Transcribe exactly the lines that begin the material and continue through the line containing "proof (intro conjI ballI impI)". Leave out whatever follows.
------------------------------------------------
theorem theorem4:
  fixes n :: nat and A :: "nat \<Rightarrow> nat \<Rightarrow> 'a::field" and t :: nat
  assumes "n \<ge> 2"
    and "t = n div 2 + 1"
    and "\<forall>i \<in> {1..n}. A i t \<noteq> 0"
  shows "per n A = (\<Prod>i=1..n. A i t) * per n (col_normalize A t)
    \<and> mu n (col_normalize A t) (toor n) = per n (col_normalize A t)
    \<and> per n A = (\<Prod>i=1..n. A i t) * mu n (col_normalize A t) (toor n)
    \<and> (\<forall>e \<in> trellis_edges n. snd e \<in> trellis_layer n t \<longrightarrow> trellis_label (col_normalize A t) e = 1)
    \<and> int (mult_div_count n t)
        = int (n * 2 ^ (n - 1)) - \<lceil>real n / 2\<rceil> * int (n choose (n div 2)) + int (n ^ 2) - int n
    \<and> int (add_count n) = (int n - 2) * 2 ^ (n - 1) + 1"
proof (intro conjI ballI impI)
  show "per n A = (\<Prod>i=1..n. A i t) * per n (col_normalize A t)"
    using assms(3) by (rule per_eq_col_normalize)
  show "mu n (col_normalize A t) (toor n) = per n (col_normalize A t)"
    by (rule mu_toor_eq_per)
  then show "per n A = (\<Prod>i=1..n. A i t) * mu n (col_normalize A t) (toor n)"
    using per_eq_col_normalize[of n A t] assms(3) by simp
  show "trellis_label (col_normalize A t) e = 1"
    if "e \<in> trellis_edges n" and "snd e \<in> trellis_layer n t" for e
    using assms(3) that by (rule trellis_label_col_normalize_layer)
  show "int (mult_div_count n t)
      = int (n * 2 ^ (n - 1)) - \<lceil>real n / 2\<rceil> * int (n choose (n div 2)) + int (n ^ 2) - int n"
    using assms(1,2) by (rule int_mult_div_count_middle)
  show "int (add_count n) = (int n - 2) * 2 ^ (n - 1) + 1"
    using assms(1) by (intro int_add_count) simp
qed

end
(* Let $\omega=e^{2\pi i/3}$ and let $S$ be a $6\times 6$ complex Hadamard matrix all of whose entries lie in $\{1,\omega,\omega^2\}$. Then $S$ is complex equivalent to the Tao matrix $$S_6^{(0)}=\begin{bmatrix} 1&1&1&1&1&1\\ 1&1&\omega&\omega&\omega^2&\omega^2\\ 1&\omega&1&\omega^2&\omega^2&\omega\\ 1&\omega&\omega^2&1&\omega&\omega^2\\ 1&\omega^2&\omega^2&\omega&1&\omega\\ 1&\omega^2&\omega&\omega^2&\omega&1 \end{bmatrix}.$$
   Context: A complex Hadamard matrix (CHM) of order $n$ is an $n\times n$ complex matrix $H$ all of whose entries have modulus one and which satisfies $HH^\dagger=nI$. A monomial unitary matrix is a unitary matrix each of whose rows and columns has exactly one nonzero entry, that entry having modulus one. Two $n\times n$ matrices $U,V$ are complex equivalent if $U=PVQ$ for some $n\times n$ monomial unitary matrices $P,Q$. *)

theory Defs
  imports Complex_Main
begin

text \<open>n x n complex matrices are represented as functions nat => nat => complex;
  only the entries with indices i < n, j < n are meaningful.\<close>

definition mat_mult :: "nat \<Rightarrow> (nat \<Rightarrow> nat \<Rightarrow> complex) \<Rightarrow> (nat \<Rightarrow> nat \<Rightarrow> complex) \<Rightarrow> (nat \<Rightarrow> nat \<Rightarrow> complex)" where
  "mat_mult n A B = (\<lambda>i j. \<Sum>k<n. A i k * B k j)"

definition adjoint :: "(nat \<Rightarrow> nat \<Rightarrow> complex) \<Rightarrow> (nat \<Rightarrow> nat \<Rightarrow> complex)" where
  "adjoint A = (\<lambda>i j. cnj (A j i))"
text \<open>Otherwise swapping i and j on the chain of the i-coloured neighbour of v would leave
  no neighbour of v coloured i.\<close>

lemma kempe_path_between_nbrs:
  assumes c: "colouring c" and ij: "i < d" "j < d" "i \<noteq> j"
  shows "(kempe_edge c i j)\<^sup>*\<^sup>* (nbr_of_colour c i) (nbr_of_colour c j)"
proof (rule ccontr)
  assume no_path: "\<not> ?thesis"
  let ?x = "nbr_of_colour c i"
  let ?K = "kempe_chain c i j ?x"
  let ?c = "swap_colours c i j ?K"
  have x: "?x \<in> punctured" "c ?x \<in> {i, j}" using nbr_of_colour[OF c ij(1)] nbrs_v_subset by auto
  have c': "colouring ?c" using colouring_swap_colours[OF c x ij(1,2)] .
  obtain w where w: "w \<in> nbrs R v" "?c w = i" using every_colour_at_v[OF c' ij(1)] by blast
  show False
  proof (cases "w \<in> ?K")
    case True
    hence "c w = j" using w(2) kempe_chain_mem[OF x True] ij(3) by (auto simp: swap_colours_def)
    hence "w = nbr_of_colour c j" using nbr_of_colour_eq[OF c w(1)] by simp
    thus False using True no_path by (simp add: kempe_chain_def)
  next
    case False
    hence "w = ?x" using w nbr_of_colour_eq[OF c w(1)] by (simp add: swap_colours_def)
    thus False using False kempe_chain_self by metis
  qed
qed

text \<open>Counting the edges of a spanning tree of the chain, each oriented from its
  j-coloured end to its i-coloured end.\<close>

lemma kempe_chain_card_le:
  assumes c: "colouring c" and x: "x \<in> punctured" "c x \<in> {i, j}"
  shows "card (kempe_chain c i j x)
    \<le> (\<Sum>b\<in>kempe_chain c i j x \<inter> colour_class c j. colour_degree c b i) + 1"
proof -
  let ?K = "kempe_chain c i j x" and ?Q = "kempe_edge c i j"
  have K: "y \<in> punctured \<and> c y \<in> {i, j}" if "y \<in> ?K" for y using kempe_chain_mem[OF x that] .
  have finK: "finite ?K" using finite_punctured K by (auto intro: finite_subset)
  define i_nbrs where "i_nbrs b = {a\<in>punctured. R b a \<and> c a = i}" for b
  define D where "D = Sigma (?K \<inter> colour_class c j) i_nbrs"
  have finD: "finite D" using finK finite_punctured by (auto simp: D_def i_nbrs_def)
  have cardD: "card D = (\<Sum>b\<in>?K \<inter> colour_class c j. colour_degree c b i)"
    unfolding D_def using finK finite_punctured
    by (subst card_SigmaI) (auto simp: i_nbrs_def colour_degree_def)
  define dist where "dist y = (LEAST n. (?Q ^^ n) x y)" for y
  have "\<forall>y\<in>?K - {x}. \<exists>p. p \<in> ?K \<and> ?Q p y \<and> dist p < dist y"
    using rtranclp_last_step_closer[of ?Q x] unfolding dist_def kempe_chain_def by auto
  then obtain parent where parent: "\<And>y. y \<in> ?K - {x} \<Longrightarrow>
      parent y \<in> ?K \<and> ?Q (parent y) y \<and> dist (parent y) < dist y"
    by metis
  define edge where "edge y = (if c y = j then (y, parent y) else (parent y, y))" for y
  have "edge ` (?K - {x}) \<subseteq> D"
  proof
    fix z assume "z \<in> edge ` (?K - {x})"
    then obtain y where y: "y \<in> ?K - {x}" "z = edge y" by blast
    have p: "parent y \<in> ?K" "?Q (parent y) y" using parent[OF y(1)] by auto
    hence "c (parent y) \<noteq> c y" using colouring_adjacent[OF c] by (auto simp: kempe_edge_def)
    thus "z \<in> D" using y p K[of y] K[of "parent y"] sym
      by (auto simp: edge_def D_def i_nbrs_def colour_class_def kempe_edge_def)
  qed
  moreover have "inj_on edge (?K - {x})"
  proof (rule inj_onI)
    fix y1 y2 assume y: "y1 \<in> ?K - {x}" "y2 \<in> ?K - {x}" "edge y1 = edge y2"
    have "dist (parent y1) < dist y1" "dist (parent y2) < dist y2" using parent y(1,2) by auto
    thus "y1 = y2" using y(3) by (auto simp: edge_def split: if_splits)
  qed
  ultimately have "card (?K - {x}) \<le> card D" using card_inj_on_le finD by blast
  moreover have "card (?K - {x}) = card ?K - 1" using finK kempe_chain_self[of x] by simp
  ultimately show ?thesis using cardD by linarith
qed

lemma kempe_chain_unique_leaf:
  assumes c: "colouring c" and ij: "i < d" "j < d" "i \<noteq> j"
    and x: "x \<in> punctured" "c x \<in> {i, j}"
    and a: "a1 \<in> kempe_chain c i j x" "a2 \<in> kempe_chain c i j x" "c a1 = j" "c a2 = j"
      "colour_degree c a1 i = 1" "colour_degree c a2 i = 1"
  shows "a1 = a2"
proof (rule ccontr)
  assume a12: "a1 \<noteq> a2"
  let ?K = "kempe_chain c i j x"
  let ?Ki = "?K \<inter> colour_class c i" and ?Kj = "?K \<inter> colour_class c j"
  have K: "y \<in> punctured \<and> c y \<in> {i, j}" if "y \<in> ?K" for y using kempe_chain_mem[OF x that] .
  have finK: "finite ?K" using finite_punctured K by (auto intro: finite_subset)
  have finKj: "finite ?Kj" using finK by simp
  have aKj: "a1 \<in> ?Kj" "a2 \<in> ?Kj" using a K by (auto simp: colour_class_def)
  have "?K = ?Ki \<union> ?Kj" using K by (auto simp: colour_class_def)
  also have "card \<dots> = card ?Ki + card ?Kj"
    using finK ij(3) by (intro card_Un_disjoint) (auto simp: colour_class_def)
  finally have "card ?K = card ?Ki + card ?Kj" .
  hence cardK: "card ?K = 2 * card ?Kj" using kempe_chain_balanced[OF c x ij] by simp
  have "(\<Sum>b\<in>?Kj. colour_degree c b i)
      = colour_degree c a1 i + colour_degree c a2 i + (\<Sum>b\<in>?Kj - {a1, a2}. colour_degree c b i)"
    using finKj aKj a12 by (simp add: sum.remove[of _ a1] sum.remove[of _ a2] Diff_insert2[symmetric])
  also have "(\<Sum>b\<in>?Kj - {a1, a2}. colour_degree c b i) \<le> 2 * card (?Kj - {a1, a2})"
    using sum_bounded_above[of "?Kj - {a1, a2}" "\<lambda>b. colour_degree c b i" 2]
      colour_degree_le_2[OF c _ ij(1)] ij(3) by (auto simp: colour_class_def)
  also have "card (?Kj - {a1, a2}) = card ?Kj - 2" using finKj aKj a12 by (simp add: card_Diff_subset)
  finally have "(\<Sum>b\<in>?Kj. colour_degree c b i) + 2 \<le> 2 * card ?Kj"
    using a(5,6) card_mono[OF finKj, of "{a1, a2}"] aKj a12 by auto
  thus False using kempe_chain_card_le[OF c x] cardK by linarith
qed

text \<open>Otherwise, by kempe_chain_unique_leaf, w would have two neighbours of colour i and two
  of colour l.\<close>

lemma no_two_kempe_paths:
  assumes c: "colouring c" and ijl: "i < d" "j < d" "l < d" "i \<noteq> j" "j \<noteq> l" "i \<noteq> l"
    and w: "w \<in> punctured" "c w = j" "w \<noteq> nbr_of_colour c j"
    and paths: "(kempe_edge c i j)\<^sup>*\<^sup>* w (nbr_of_colour c j)" "(kempe_edge c l j)\<^sup>*\<^sup>* w (nbr_of_colour c j)"
  shows False
proof -
  let ?y = "nbr_of_colour c j"
  have y: "?y \<in> nbrs R v" "c ?y = j" "?y \<in> punctured" using nbr_of_colour[OF c ijl(2)] nbrs_v_subset by auto
  have two: "2 \<le> colour_degree c w m" if m: "m < d" "m \<noteq> j" and path: "(kempe_edge c m j)\<^sup>*\<^sup>* w ?y" for m
  proof (rule ccontr)
    assume "\<not> 2 \<le> colour_degree c w m"
    hence "colour_degree c w m = 1" using colour_degree_pos[OF c w(1) m(1)] m(2) w(2) by simp
    moreover have "colour_degree c ?y m = 1" using colour_degree_nbr_v[OF c y(1) m(1)] m(2) y(2) by simp
    moreover have "w \<in> kempe_chain c m j ?y" using kempe_path_sym[OF path] by (simp add: kempe_chain_def)
    ultimately show False
      using kempe_chain_unique_leaf[OF c m(1) ijl(2) m(2) y(3), of w ?y] y(2) w(2,3) kempe_chain_self
      by auto
  qed
  show False
    using colour_degree_not_both_2[OF c w(1) ijl(1) _ ijl(3)] two[OF ijl(1) ijl(4) paths(1)]
      two[OF ijl(3) ijl(5)[symmetric] paths(2)] ijl(4-6) w(2) by auto
qed

text \<open>Along an (i, j)-path avoiding the i-coloured neighbour x of v, no i-coloured vertex lies
  on the (i, l)-chain of x (it would be joined to x by two Kempe paths), so swapping i and l on
  that chain leaves the path intact.\<close>

lemma swap_keeps_kempe_path:
  assumes c: "colouring c" and ijl: "i < d" "j < d" "l < d" "i \<noteq> j" "j \<noteq> l" "i \<noteq> l"
    and x: "x = nbr_of_colour c i" and u: "(kempe_edge c i j)\<^sup>*\<^sup>* x u"
    and path: "(\<lambda>a b. kempe_edge c i j a b \<and> a \<noteq> x \<and> b \<noteq> x)\<^sup>*\<^sup>* u z"
  shows "(kempe_edge (swap_colours c i l (kempe_chain c i l x)) i j)\<^sup>*\<^sup>* u z
    \<and> (kempe_edge c i j)\<^sup>*\<^sup>* x z"
  using path
proof (induction rule: rtranclp_induct)
  case (step a b)
  let ?c' = "swap_colours c i l (kempe_chain c i l x)"
  have x': "x \<in> punctured" "c x = i" using nbr_of_colour[OF c ijl(1)] nbrs_v_subset x by auto
  have unchanged: "?c' y = c y" if "(kempe_edge c i j)\<^sup>*\<^sup>* x y" "y \<noteq> x" for y
  proof -
    have y: "y \<in> punctured" "c y \<in> {i, j}" using kempe_chain_mem[of x c i j y] x' that(1)
      by (auto simp: kempe_chain_def)
    have "y \<notin> kempe_chain c i l x" if "c y = i"
    proof
      assume "y \<in> kempe_chain c i l x"
      hence "(kempe_edge c l i)\<^sup>*\<^sup>* y x"
        using kempe_path_sym kempe_edge_commute unfolding kempe_chain_def by fastforce
      moreover have "(kempe_edge c j i)\<^sup>*\<^sup>* y x"
        using \<open>(kempe_edge c i j)\<^sup>*\<^sup>* x y\<close> kempe_path_sym kempe_edge_commute by metis
      ultimately show False
        using no_two_kempe_paths[OF c ijl(2,1,3) _ _ ijl(5) y(1) that] ijl \<open>y \<noteq> x\<close> x by auto
    qed
    thus ?thesis using y(2) ijl by (auto simp: swap_colours_def)
  qed
  have ab: "kempe_edge c i j a b" "a \<noteq> x" "b \<noteq> x" using step.hyps(2) by auto
  have xb: "(kempe_edge c i j)\<^sup>*\<^sup>* x b" using step.IH ab(1) by (auto intro: rtranclp.rtrancl_into_rtrancl)
  have "kempe_edge ?c' i j a b"
    using ab(1) unchanged[OF _ ab(2)] unchanged[OF xb ab(3)] step.IH by (simp add: kempe_edge_def)
  thus ?case using step.IH xb by (auto intro: rtranclp.rtrancl_into_rtrancl)
qed (use u in simp)

lemma unique_nbr_of_colour:
  assumes c: "colouring c" and x: "x \<in> nbrs R v" and j: "j < d" "j \<noteq> c x"
  obtains u where "u \<in> punctured" "R x u" "c u = j" "\<And>w. kempe_edge c (c x) j x w \<Longrightarrow> w = u"
proof -
  have "colour_degree c x j = 1" using colour_degree_nbr_v[OF c x j] .
  then obtain u where u_set: "{w\<in>punctured. R x w \<and> c w = j} = {u}"
    unfolding colour_degree_def by (rule card_1_singletonE)
  have x': "x \<in> punctured" using x nbrs_v_subset by auto
  have "w = u" if "kempe_edge c (c x) j x w" for w
  proof -
    have "c w \<noteq> c x" using that colouring_adjacent[OF c x'] unfolding kempe_edge_def by metis
    thus ?thesis using that u_set by (auto simp: kempe_edge_def)
  qed
  moreover have "u \<in> punctured" "R x u" "c u = j" using u_set by blast+
  ultimately show ?thesis using that by blast
qed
------------------------------------------------
SOLVED PROBLEM
theorem theorem4:
  fixes n :: nat and A :: "nat \<Rightarrow> nat \<Rightarrow> 'a::field" and t :: nat
  assumes "n \<ge> 2"
    and "t = n div 2 + 1"
    and "\<forall>i \<in> {1..n}. A i t \<noteq> 0"
  shows "per n A = (\<Prod>i=1..n. A i t) * per n (col_normalize A t)
    \<and> mu n (col_normalize A t) (toor n) = per n (col_normalize A t)
    \<and> per n A = (\<Prod>i=1..n. A i t) * mu n (col_normalize A t) (toor n)
    \<and> (\<forall>e \<in> trellis_edges n. snd e \<in> trellis_layer n t \<longrightarrow> trellis_label (col_normalize A t) e = 1)
    \<and> int (mult_div_count n t)
        = int (n * 2 ^ (n - 1)) - \<lceil>real n / 2\<rceil> * int (n choose (n div 2)) + int (n ^ 2) - int n
    \<and> int (add_count n) = (int n - 2) * 2 ^ (n - 1) + 1"
proof (intro conjI ballI impI)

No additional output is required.